トラックのキャビンで日本語が少し話せるこの将校と父がどんな話をしたのかは知らないが、父が日本 人学校の校長であることは認知した模様だった。
当時スターリンは、「5ヵ年計画」を実施、遂行中で、国民の教育は最重点項目に入っており、教職員 の社会的地位はきわめて高く、校長ならソ連軍の高級将校(少佐、中佐)と同格に優遇されていた。
そんな状況から、この上級中尉(中尉のひとつ上にこの階級があり、金筋上の星は3つで、大尉が4 つ)は父に敬意を示したらしい。でもかがとをカチッと鳴らすドイツ式敬礼は、その後4年間の抑留生 活でもソ連軍人からは1度もみたことはなく、推察すると日本軍の同盟国だったドイツ軍式敬礼を即興 的に行なったのではないだろうか。
そしてこの日はいつごろだったのだろう?
前述したとおり、8月22日は樺太師団(第88師団)参謀長鈴木大佐がソ連軍アリーモフ少将と停戦交渉 を成立させた日だが、実態は日本軍の提示、要求した5項目の約束を守らず、真岡攻撃は23日も続けら れ、さらに25日南樺太南端の大泊港に上陸したソ連軍により、通算3度にわたり日本軍使が射殺されて いる。

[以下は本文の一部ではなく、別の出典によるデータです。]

text \<open>Unit-regularity: with \<open>a x a = a\<close>, the idempotents \<open>a x\<close> and \<open>x a\<close> are isomorphic, so are
  their complements by cancellation, via \<open>u\<close>, \<open>v\<close>; then \<open>w = x a x + v\<close> is a unit with inverse
  \<open>a + u\<close>.\<close>
lemma semisimple_unit_regular:
  fixes a :: "'a::ring_1"
  assumes ss: "semisimple_ring TYPE('a)"
  obtains w w' where "w * w' = 1" "w' * w = 1" "a * w * a = a"
proof -
  obtain x where axa: "a * x * a = a" using semisimple_regular[OF ss] .
  have E: "(a * x) * (a * x) = a * x" using axa by (simp add: mult.assoc[symmetric])
  have "x * (a * x * a) = x * a" using axa by simp
  then have xaxa: "x * a * x * a = x * a" by (simp add: mult.assoc)
  then have F: "(x * a) * (x * a) = x * a" by (simp add: mult.assoc[symmetric])
  have "orth_idem_decomp 1 (a * x) (1 - a * x)" "orth_idem_decomp 1 (x * a) (1 - x * a)"
    unfolding orth_idem_decomp_def using E F by (simp_all add: algebra_simps)
  moreover have "idem_iso (a * x) (x * a)"
    unfolding idem_iso_def
    by (rule exI[of _ a], rule exI[of _ "x * a * x"]) (simp add: axa xaxa mult.assoc[symmetric])
  ultimately have "idem_iso (1 - a * x) (1 - x * a)" using semisimple_idem_iso_cancel[OF ss] by blast
  then obtain u v where uv: "u = (1 - a * x) * u * (1 - x * a)" "v = (1 - x * a) * v * (1 - a * x)"
      "u * v = 1 - a * x" "v * u = 1 - x * a"
    by (rule idem_isoE)
  have G: "(1 - a * x) * u = u" "v * (1 - a * x) = v"
    using idem_corner_absorb(1)[OF uv(1)] idem_corner_absorb(2)[OF uv(2)] E F
    by (simp_all add: algebra_simps)
  have H: "u * (1 - x * a) = u" "(1 - x * a) * v = v"
    using idem_corner_absorb(2)[OF uv(1)] idem_corner_absorb(1)[OF uv(2)] E F
    by (simp_all add: algebra_simps)
  have "a * (1 - x * a) = 0" "(1 - a * x) * a = 0" "x * a * x * (1 - a * x) = 0" "(1 - x * a) * (x * a * x) = 0"
    using axa xaxa by (simp_all add: right_diff_distrib left_diff_distrib mult.assoc[symmetric])
  then have "a * v = 0" "v * a = 0" "x * a * x * u = 0" "u * (x * a * x) = 0"
    using G H by (metis mult.assoc mult_zero_left mult_zero_right)+
  then have "(x * a * x + v) * (a + u) = 1" "(a + u) * (x * a * x + v) = 1" "a * (x * a * x + v) * a = a"
    using uv(3,4) axa xaxa by (simp_all add: distrib_left distrib_right mult.assoc[symmetric])
  then show thesis by (rule that)
qed

lemma in_GL2_add_column:
  fixes a b c d t :: "'a::ring_1"
  assumes "in_GL2 a b c d"
  shows "in_GL2 a (b + a * t) c (d + c * t)"
proof -
  obtain e f g h where E: "a * e + b * g = 1" "a * f + b * h = 0" "c * e + d * g = 0" "c * f + d * h = 1"
      "e * a + f * c = 1" "e * b + f * d = 0" "g * a + h * c = 0" "g * b + h * d = 1"
    using assms unfolding in_GL2_def by blast
  have "a * (e - t * g) + (b + a * t) * g = a * e + b * g"
    "a * (f - t * h) + (b + a * t) * h = a * f + b * h"
    "c * (e - t * g) + (d + c * t) * g = c * e + d * g"
    "c * (f - t * h) + (d + c * t) * h = c * f + d * h"
    "(e - t * g) * a + (f - t * h) * c = (e * a + f * c) - t * (g * a + h * c)"
    "(e - t * g) * (b + a * t) + (f - t * h) * (d + c * t)
      = (e * b + f * d) + (e * a + f * c) * t - t * (g * b + h * d) - t * (g * a + h * c) * t"
    "g * (b + a * t) + h * (d + c * t) = (g * b + h * d) + (g * a + h * c) * t"
    by (simp_all add: algebra_simps)
  then show ?thesis unfolding in_GL2_def using E
    by (intro exI[of _ "e - t * g"] exI[of _ "f - t * h"] exI[of _ g] exI[of _ h] conjI) simp_all
qed

lemma in_GL2_mult_right_unit:
  fixes a b c d w w' :: "'a::ring_1"
  assumes "in_GL2 a b c d" "w * w' = 1" "w' * w = 1"
  shows "in_GL2 (a * w') b (c * w') d"
proof -
  obtain e f g h where E: "a * e + b * g = 1" "a * f + b * h = 0" "c * e + d * g = 0" "c * f + d * h = 1"
      "e * a + f * c = 1" "e * b + f * d = 0" "g * a + h * c = 0" "g * b + h * d = 1"
    using assms(1) unfolding in_GL2_def by blast
  have "a * w' * (w * z) = a * z" "c * w' * (w * z) = c * z" for z
    using assms(3) by (metis mult.assoc mult_1)+
  moreover have "w * e * (a * w') + w * f * (c * w') = w * (e * a + f * c) * w'"
    "w * e * b + w * f * d = w * (e * b + f * d)" "g * (a * w') + h * (c * w') = (g * a + h * c) * w'"
    by (simp_all add: algebra_simps)
  ultimately show ?thesis unfolding in_GL2_def using E assms(2)
    by (intro exI[of _ "w * e"] exI[of _ "w * f"] exI[of _ g] exI[of _ h] conjI) simp_all
qed

lemma in_GL2_idem_involution:
  fixes e b y :: "'a::ring_1"
  assumes ee: "e * e = e" and b: "(1 - e) * b = b" and y: "b * y * b = b" and gen: "b * y * (1 - e) = 1 - e"
  shows "in_GL2 e b (y * (1 - e)) (1 - y * b)"
proof -
  have "e * b = e * (1 - e) * b" using b by (simp add: mult.assoc)
  then have eb: "e * b = 0" using ee by (simp add: right_diff_distrib)
  have "e * e + b * (y * (1 - e)) = 1" using ee by (simp add: mult.assoc[symmetric] gen)
  moreover have "e * b + b * (1 - y * b) = 0" using eb y by (simp add: right_diff_distrib mult.assoc[symmetric])
  moreover have "y * (1 - e) * e + (1 - y * b) * (y * (1 - e)) = 0"
  proof -
    have "y * (1 - e) * e = 0" using ee by (simp add: right_diff_distrib left_diff_distrib mult.assoc)
    moreover have "(1 - y * b) * (y * (1 - e)) = y * (1 - e) - y * (b * y * (1 - e))"
      by (simp add: left_diff_distrib mult.assoc)
    ultimately show ?thesis using gen by simp
  qed
  moreover have "y * (1 - e) * b + (1 - y * b) * (1 - y * b) = 1"
  proof -
    have "y * (1 - e) * b = y * b" using b by (simp add: mult.assoc)
    moreover have "y * (b * y * b) = y * b" using y by simp
    then have "y * b * (y * b) = y * b" by (simp add: mult.assoc)
    ultimately show ?thesis by (simp add: algebra_simps)
  qed
  ultimately show ?thesis unfolding in_GL2_def
    by (intro exI[of _ e] exI[of _ b] exI[of _ "y * (1 - e)"] exI[of _ "1 - y * b"] conjI) simp_all
qed

lemma admissible_imp_cyclic_free:
  fixes a b :: "'a::ring_1"
  assumes "admissible a b"
  shows "cyclic_free a b"
  unfolding cyclic_free_def
proof (intro allI impI)
  obtain e g where eg: "a * e + b * g = 1" using assms unfolding admissible_def in_GL2_def by blast
  fix r assume "r * a = 0 \<and> r * b = 0"
  then have "r * (a * e + b * g) = 0" by (simp add: distrib_left mult.assoc[symmetric])
  then show "r = 0" using eg by simp
qed

text \<open>For a unit \<open>w\<close> with \<open>a w a = a\<close> it suffices to complete \<open>(a w, (1 - a w) b)\<close>; freeness
  makes \<open>(1 - a w) b\<close> generate \<open>1 - a w\<close> from the right.\<close>
lemma semisimple_cyclic_free_imp_admissible:
  fixes a b :: "'a::ring_1"
  assumes ss: "semisimple_ring TYPE('a)" and free: "cyclic_free a b"
  shows "admissible a b"
proof -
  obtain w w' where w: "w * w' = 1" "w' * w = 1" "a * w * a = a"
    using semisimple_unit_regular[OF ss] .
  define e where "e = a * w"
  define b' where "b' = (1 - e) * b"
  have ee: "e * e = e" unfolding e_def using w(3) by (simp add: mult.assoc[symmetric])
  have ea: "(1 - e) * a = 0" unfolding e_def using w(3) by (simp add: left_diff_distrib)
  have G: "(1 - e) * (1 - e) = 1 - e" using ee by (simp add: algebra_simps)
  have b': "(1 - e) * b' = b'" unfolding b'_def using G by (simp add: mult.assoc[symmetric])
  obtain y where y: "b' * y * b' = b'" using semisimple_regular[OF ss] .
  have "b' * y * (1 - e) = 1 - e"
  proof -
    define r where "r = (1 - e) - b' * y * (1 - e)"
    have "r * b' = b' - b' * y * ((1 - e) * b')"
      unfolding r_def using b' by (simp add: left_diff_distrib mult.assoc)
    then have "r * b' = 0" using b' y by simp
    moreover have r: "r * (1 - e) = r"
      unfolding r_def using G by (simp add: left_diff_distrib mult.assoc)
    moreover have "r * a = r * ((1 - e) * a)" "r * b = r * b'"
      unfolding b'_def using r by (simp_all add: mult.assoc[symmetric])
    ultimately have "r * a = 0" "r * b = 0" using ea by simp_all
    then have "r = 0" using free unfolding cyclic_free_def by blast
    then show ?thesis unfolding r_def by simp
  qed
  then have "in_GL2 e b' (y * (1 - e)) (1 - y * b')" using in_GL2_idem_involution[OF ee b' y] by blast
  then have "in_GL2 (e * w') b' (y * (1 - e) * w') (1 - y * b')" using in_GL2_mult_right_unit w(1,2) by blast
  moreover have "e * w' = a" unfolding e_def using w(1) by (simp add: mult.assoc)
  ultimately have "in_GL2 a (b' + a * (w * b)) (y * (1 - e) * w') (1 - y * b' + y * (1 - e) * w' * (w * b))"
    using in_GL2_add_column by simp
  moreover have "b' + a * (w * b) = b" unfolding b'_def e_def by (simp add: algebra_simps)
  ultimately show ?thesis unfolding admissible_def by auto
qed

theorem mainTheorem11:
  fixes a b :: "'a::ring_1"
  assumes "semisimple_ring TYPE('a)"
  shows "cyclic_free a b \<longleftrightarrow> admissible a b"
  using semisimple_cyclic_free_imp_admissible[OF assms] admissible_imp_cyclic_free by blast

end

このことは、樺太のソ連軍のみならず、ソ連自体が数多くの国際法違反を起こしている。
例をあげると、8月8日ソ連が日本に宣戦を通達するために駐ソ日本大使をソ連外務省に出頭させる が、佐藤大使が日本本国に国際電報(国際法の外交特権)した電文が届いておらず、正式に日本が
知ったのは実に8月10日だったのだ。
話を戻すが、当時の諸々の状況から、私たちが元の町村に送還されたのは、8月24日頃だったのではな いかと思う。樺太の戦争は、終戦宣言(1945年8月15日)から10日後頃まで続いていたのである。
あえて繰り返すが、ソ連軍は武力による侵攻(南下)をやめず、軍民の区別なく攻撃を加え、多数の民 間人が犠牲になり、樺太師団は軍司令部の許可をうけ、自衛戦争を継続したのである。
家に入ろうとして驚いたのは、玄関の内外とも泥靴の跡が点在し、畳も座る事が出来ないくらいに荒ら されていた。机、箪笥の引出しは畳に散乱され、色々な物品が失われていた。
でもこのこと事態は非難されるべき事ではなかった。